Entries shown —
*-*-*

lemma fun_subspace_L2: "fun_subspace (L2 M)"
  unfolding fun_subspace_def
proof (intro conjI ballI allI)
  fix g h a b assume g: "g \<in> L2 M" and h: "h \<in> L2 M"
  have meas: "(\<lambda>x. a * g x + b * h x) \<in> borel_measurable M"
    using L2_borel_measurable[OF g] L2_borel_measurable[OF h] by simp
  have bound: "(a * g x + b * h x)\<^sup>2 \<le> 2 * a\<^sup>2 * (g x)\<^sup>2 + 2 * b\<^sup>2 * (h x)\<^sup>2" for x
  proof -
    have "(a * g x + b * h x)\<^sup>2 + (a * g x - b * h x)\<^sup>2 = 2 * a\<^sup>2 * (g x)\<^sup>2 + 2 * b\<^sup>2 * (h x)\<^sup>2"
      by (simp add: power2_eq_square algebra_simps)
    moreover have "0 \<le> (a * g x - b * h x)\<^sup>2" by simp
    ultimately show ?thesis by linarith
  qed
  have "integrable M (\<lambda>x. 2 * a\<^sup>2 * (g x)\<^sup>2 + 2 * b\<^sup>2 * (h x)\<^sup>2)"
    using L2_integrable_square[OF g] L2_integrable_square[OF h] by simp
  then have "integrable M (\<lambda>x. (a * g x + b * h x)\<^sup>2)"
    by (rule Bochner_Integration.integrable_bound) (use meas bound in auto)
  then show "(\<lambda>x. a * g x + b * h x) \<in> L2 M" using meas unfolding L2_def by simp
qed (simp add: L2_def)

lemma L2_divide: "g \<in> L2 M \<Longrightarrow> (\<lambda>x. g x / c) \<in> L2 M"
  using fun_subspace_scale[OF fun_subspace_L2, of g M "1 / c"] by simp

lemma L2_contraction:
  assumes T: "normal_contraction T" and g: "g \<in> L2 M"
  shows "(\<lambda>x. T (g x)) \<in> L2 M"
proof -
  have meas: "(\<lambda>x. T (g x)) \<in> borel_measurable M"
    using measurable_compose[OF L2_borel_measurable[OF g] normal_contraction_borel[OF T]]
    by (simp add: o_def)
  have "(T (g x))\<^sup>2 \<le> (g x)\<^sup>2" for x
    using normal_contraction_abs_le[OF T] by (simp add: abs_le_square_iff)
  then have "integrable M (\<lambda>x. (T (g x))\<^sup>2)"
    using meas by (intro Bochner_Integration.integrable_bound[OF L2_integrable_square[OF g]]) auto
  then show ?thesis using meas unfolding L2_def by simp
qed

*-*-*

Aim of the task — Set down each record above without changing a single word.

Response for this exercise —
lemma fun_subspace_L2: "fun_subspace (L2 M)"
  unfolding fun_subspace_def
proof (intro conjI ballI allI)
  fix g h a b assume g: "g \<in> L2 M" and h: "h \<in> L2 M"
  have meas: "(\<lambda>x. a * g x + b * h x) \<in> borel_measurable M"
    using L2_borel_measurable[OF g] L2_borel_measurable[OF h] by simp
  have bound: "(a * g x + b * h x)\<^sup>2 \<le> 2 * a\<^sup>2 * (g x)\<^sup>2 + 2 * b\<^sup>2 * (h x)\<^sup>2" for x
  proof -
    have "(a * g x + b * h x)\<^sup>2 + (a * g x - b * h x)\<^sup>2 = 2 * a\<^sup>2 * (g x)\<^sup>2 + 2 * b\<^sup>2 * (h x)\<^sup>2"
      by (simp add: power2_eq_square algebra_simps)
    moreover have "0 \<le> (a * g x - b * h x)\<^sup>2" by simp
    ultimately show ?thesis by linarith
  qed
  have "integrable M (\<lambda>x. 2 * a\<^sup>2 * (g x)\<^sup>2 + 2 * b\<^sup>2 * (h x)\<^sup>2)"
    using L2_integrable_square[OF g] L2_integrable_square[OF h] by simp
  then have "integrable M (\<lambda>x. (a * g x + b * h x)\<^sup>2)"
    by (rule Bochner_Integration.integrable_bound) (use meas bound in auto)
  then show "(\<lambda>x. a * g x + b * h x) \<in> L2 M" using meas unfolding L2_def by simp
qed (simp add: L2_def)

lemma L2_divide: "g \<in> L2 M \<Longrightarrow> (\<lambda>x. g x / c) \<in> L2 M"
  using fun_subspace_scale[OF fun_subspace_L2, of g M "1 / c"] by simp

lemma L2_contraction:
  assumes T: "normal_contraction T" and g: "g \<in> L2 M"
  shows "(\<lambda>x. T (g x)) \<in> L2 M"
proof -
  have meas: "(\<lambda>x. T (g x)) \<in> borel_measurable M"
    using measurable_compose[OF L2_borel_measurable[OF g] normal_contraction_borel[OF T]]
    by (simp add: o_def)
  have "(T (g x))\<^sup>2 \<le> (g x)\<^sup>2" for x
    using normal_contraction_abs_le[OF T] by (simp add: abs_le_square_iff)
  then have "integrable M (\<lambda>x. (T (g x))\<^sup>2)"
    using meas by (intro Bochner_Integration.integrable_bound[OF L2_integrable_square[OF g]]) auto
  then show ?thesis using meas unfolding L2_def by simp
qed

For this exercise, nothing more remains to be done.